Records to use: Begin
(* Let $\mathbb{F}\in\{\mathbb{R},\mathbb{C}\}$, $M>N$, and $0\le k\le M$. If $\Phi\in\mathcal{P}(M,N)$ and $\Psi\in\mathcal{P}(M,M-N)$ are Naimark complements, then $\Phi$ maximizes $NE_k$ over $\mathcal{P}(M,N)$ if and only if $\Psi$ maximizes $NE_{M-k}$ over $\mathcal{P}(M,M-N)$.
   Context: $\mathcal{P}(M,n)$ is the set of Parseval frames for $\mathbb{F}^n$ with $M$ vectors, i.e. families $\{\varphi_i\}_{i=1}^M\subseteq\mathbb{F}^n$ whose $n\times M$ matrix $\Phi$ satisfies $\Phi\Phi^*=I$. $\Phi\in\mathcal{P}(M,N)$ and $\Psi\in\mathcal{P}(M,M-N)$ are Naimark complements if $\Psi^*\Psi=I-\Phi^*\Phi$. For $K\subseteq[M]$, $\Phi_K$ is the submatrix of columns indexed by $K$. The nuclear norm $\|F\|_*$ is the sum of the singular values of $F$, and $NE_k(\Phi)=\sum_{|K|=k}\|\Phi_K\|_*$. *)

theory Defs
  imports "Jordan_Normal_Form.Schur_Decomposition" "Jordan_Normal_Form.DL_Submatrix"
    "Jordan_Normal_Form.Char_Poly" "HOL-Computational_Algebra.Fundamental_Theorem_Algebra"
begin

text \<open>Matrices are Jordan_Normal_Form matrices; the frame vectors are the columns,
  indexed by 0..M-1.  The field F is real or complex; the scalar type is 'a and
  emb embeds it into the complex numbers (of_real for F = R, id for F = C),
  which is only used to compute singular values.\<close>

definition singular_values :: "complex mat \<Rightarrow> real multiset" where
  "singular_values F = image_mset (\<lambda>z. sqrt (Re z)) (proots (char_poly (mat_adjoint F * F)))"

definition nuclear_norm :: "complex mat \<Rightarrow> real" where
  "nuclear_norm F = sum_mset (singular_values F)"

definition parseval_frames :: "nat \<Rightarrow> nat \<Rightarrow> 'a::conjugatable_field mat set" where
  "parseval_frames M n = {\<Phi>. \<Phi> \<in> carrier_mat n M \<and> \<Phi> * mat_adjoint \<Phi> = 1\<^sub>m n}"

definition naimark_complements :: "'a::conjugatable_field mat \<Rightarrow> 'a mat \<Rightarrow> bool" where
  "naimark_complements \<Phi> \<Psi> \<longleftrightarrow>
     mat_adjoint \<Psi> * \<Psi> = 1\<^sub>m (dim_col \<Phi>) - mat_adjoint \<Phi> * \<Phi>"

definition col_submatrix :: "'a mat \<Rightarrow> nat set \<Rightarrow> 'a mat" where
  "col_submatrix \<Phi> K = submatrix \<Phi> UNIV K"

definition NE :: "('a::conjugatable_field \<Rightarrow> complex) \<Rightarrow> nat \<Rightarrow> 'a mat \<Rightarrow> real" where
  "NE emb k \<Phi> = (\<Sum>K\<in>{K. K \<subseteq> {..<dim_col \<Phi>} \<and> card K = k}.
      nuclear_norm (map_mat emb (col_submatrix \<Phi> K)))"

definition maximizes_NE ::
  "('a::conjugatable_field \<Rightarrow> complex) \<Rightarrow> nat \<Rightarrow> nat \<Rightarrow> nat \<Rightarrow> 'a mat \<Rightarrow> bool" where
  "maximizes_NE emb k M n \<Phi> \<longleftrightarrow>
     \<Phi> \<in> parseval_frames M n \<and> (\<forall>\<Phi>'\<in>parseval_frames M n. NE emb k \<Phi>' \<le> NE emb k \<Phi>)"

end

theory Submission
  imports Defs
begin

(* For a column set K write Q = Psi_K, W = Psi_(complement of K) and F = Phi_K.  The Naimark
   relation Psi^* Psi = I - Phi^* Phi gives Q^* Q = I - F^* F, and as Psi has orthonormal rows,
   W W^* = I - Q Q^*.  Since Q Q^* and Q^* Q have the same eigenvalues apart from zeros
   (Sylvester's determinant identity), the singular values of W are those of F up to ones and
   zeros:  ||W||_* + |K| = ||F||_* + (M - N).  Summing over |K| = k gives
   NE_(M-k)(Psi) = NE_k(Phi) + binomial(M, k) (M - N - k) for every pair of Naimark complements.
   Every Parseval frame has a Naimark complement (extend its rows to an orthonormal basis), so
   NE_k and NE_(M-k) differ by a constant along the Naimark correspondence and have
   corresponding maximizers.  Real frames are handled by embedding them into complex matrices. *)

section \<open>Adjoints and Sylvester's determinant identity\<close>

lemma dim_mat_adjoint [simp]:
  "dim_row (mat_adjoint A) = dim_col A" "dim_col (mat_adjoint A) = dim_row A"
  by (simp_all add: mat_adjoint_def)

lemma mat_adjoint_carrier [simp, intro]: "A \<in> carrier_mat n m \<Longrightarrow> mat_adjoint A \<in> carrier_mat m n"
  by auto

lemma index_mat_adjoint [simp]:
  "i < dim_col A \<Longrightarrow> j < dim_row A \<Longrightarrow> mat_adjoint A $$ (i, j) = conjugate (A $$ (j, i))"
  unfolding mat_adjoint_def by (subst mat_of_rows_index) auto

lemma index_mult_mat_adjoint:
  assumes "i < dim_row A" "j < dim_row B" "dim_col B = dim_col A"
  shows "(A * mat_adjoint B) $$ (i, j) = (\<Sum>l<dim_col A. A $$ (i, l) * conjugate (B $$ (j, l)))"
  using assms by (simp add: scalar_prod_def lessThan_atLeast0)

lemma index_mat_adjoint_mult:
  assumes "i < dim_col A" "j < dim_col B" "dim_row B = dim_row A"
  shows "(mat_adjoint A * B) $$ (i, j) = (\<Sum>l<dim_row A. conjugate (A $$ (l, i)) * B $$ (l, j))"
  using assms by (simp add: scalar_prod_def lessThan_atLeast0)

lemma mat_eq_minus_of_add_eq:
  fixes A B :: "'a::ab_group_add mat"
  assumes "A \<in> carrier_mat n m" "B \<in> carrier_mat n m" "A + B = C"
  shows "B = C - A"
  using assms by (auto intro!: eq_matI)

lemma mat_adjoint_map_mat:
  assumes "\<And>a. f (conjugate a) = conjugate (f a)"
  shows "mat_adjoint (map_mat f A) = map_mat f (mat_adjoint A)"
  by (rule eq_matI) (simp_all add: assms)

lemma char_poly_eq_det:
  fixes A :: "'a::comm_ring_1 mat"
  assumes "A \<in> carrier_mat n n"
  shows "char_poly A = det ([:0, 1:] \<cdot>\<^sub>m 1\<^sub>m n - map_mat (\<lambda>a. [:a:]) A)"
proof -
  have "char_poly_matrix A = [:0, 1:] \<cdot>\<^sub>m 1\<^sub>m n - map_mat (\<lambda>a. [:a:]) A"
    by (rule eq_matI) (use assms in \<open>auto simp: char_poly_matrix_def\<close>)
  then show ?thesis by (simp add: char_poly_def)
qed

lemma char_poly_mult_commute:
  fixes A B :: "'a::idom mat"
  assumes A: "A \<in> carrier_mat n m" and B: "B \<in> carrier_mat m n"
  shows "[:0, 1:] ^ m * char_poly (A * B) = [:0, 1:] ^ n * char_poly (B * A)"
proof -
  let ?x = "[:0, 1:] :: 'a poly"
  define A' B' where "A' = map_mat (\<lambda>a. [:a:]) A" and "B' = map_mat (\<lambda>a. [:a:]) B"
  have A': "A' \<in> carrier_mat n m" and B': "B' \<in> carrier_mat m n"
    using A B by (auto simp: A'_def B'_def)
  have AB: "char_poly (A * B) = det (?x \<cdot>\<^sub>m 1\<^sub>m n - A' * B')"
    using A B by (simp add: char_poly_eq_det[of _ n] map_poly_mult A'_def B'_def)
  have BA: "char_poly (B * A) = det (?x \<cdot>\<^sub>m 1\<^sub>m m - B' * A')"
    using A B by (simp add: char_poly_eq_det[of _ m] map_poly_mult A'_def B'_def)
  define P where "P = four_block_mat (?x \<cdot>\<^sub>m 1\<^sub>m n) A' B' (1\<^sub>m m)"
  have P: "P \<in> carrier_mat (n + m) (n + m)" using A' B' by (simp add: P_def)
  \<comment> \<open>Multiplying \<open>P\<close> by two block-triangular matrices of determinant \<open>x^m\<close> gives
    block-triangular matrices with diagonal blocks \<open>x I - A B\<close> and \<open>x I - B A\<close>.\<close>
  define L R where "L = four_block_mat (1\<^sub>m n) (- A') (0\<^sub>m m n) (?x \<cdot>\<^sub>m 1\<^sub>m m)"
    and "R = four_block_mat (1\<^sub>m n) (0\<^sub>m n m) (- B') (?x \<cdot>\<^sub>m 1\<^sub>m m)"
  have L: "L \<in> carrier_mat (n + m) (n + m)" and R: "R \<in> carrier_mat (n + m) (n + m)"
    using A' B' by (auto simp: L_def R_def)
  have LP: "L * P = four_block_mat (?x \<cdot>\<^sub>m 1\<^sub>m n - A' * B') (0\<^sub>m n m) (?x \<cdot>\<^sub>m B') (?x \<cdot>\<^sub>m 1\<^sub>m m)"
    unfolding L_def P_def using A' B' by (subst mult_four_block_mat[of _ n n _ m _ m]) auto
  have "det (L * P) = char_poly (A * B) * ?x ^ m"
    unfolding LP using A' B' AB by (subst det_four_block_mat_upper_right_zero[of _ n _ m]) auto
  moreover have "det L = ?x ^ m"
    unfolding L_def using A' by (subst det_four_block_mat_lower_left_zero[of _ n _ m]) auto
  ultimately have "?x ^ m * det P = char_poly (A * B) * ?x ^ m"
    using det_mult[OF L P] by simp
  have RP: "R * P = four_block_mat (?x \<cdot>\<^sub>m 1\<^sub>m n) A' (0\<^sub>m m n) (?x \<cdot>\<^sub>m 1\<^sub>m m - B' * A')"
    unfolding R_def P_def using A' B' by (subst mult_four_block_mat[of _ n n _ m _ m]) auto
  have "det (R * P) = ?x ^ n * char_poly (B * A)"
    unfolding RP using A' B' BA by (subst det_four_block_mat_lower_left_zero[of _ n _ m]) auto
  moreover have "det R = ?x ^ m"
    unfolding R_def using B' by (subst det_four_block_mat_upper_right_zero[of _ n _ m]) auto
  ultimately have "?x ^ m * det P = ?x ^ n * char_poly (B * A)"
    using det_mult[OF R P] by simp
  with \<open>?x ^ m * det P = char_poly (A * B) * ?x ^ m\<close> show ?thesis by (simp add: mult.commute)
qed

lemma proots_x_power_mult:
  fixes p :: "'a::idom poly"
  assumes "p \<noteq> 0"
  shows "proots ([:0, 1:] ^ n * p) = replicate_mset n 0 + proots p"
  using assms by (simp add: proots_mult proots_power)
Records to use: End
Instructions to follow :: Where a line in the records above contains the string "intro", return that line.

Output of the exercise ::
lemma mat_adjoint_carrier [simp, intro]: "A \<in> carrier_mat n m \<Longrightarrow> mat_adjoint A \<in> carrier_mat m n"
  using assms by (auto intro!: eq_matI)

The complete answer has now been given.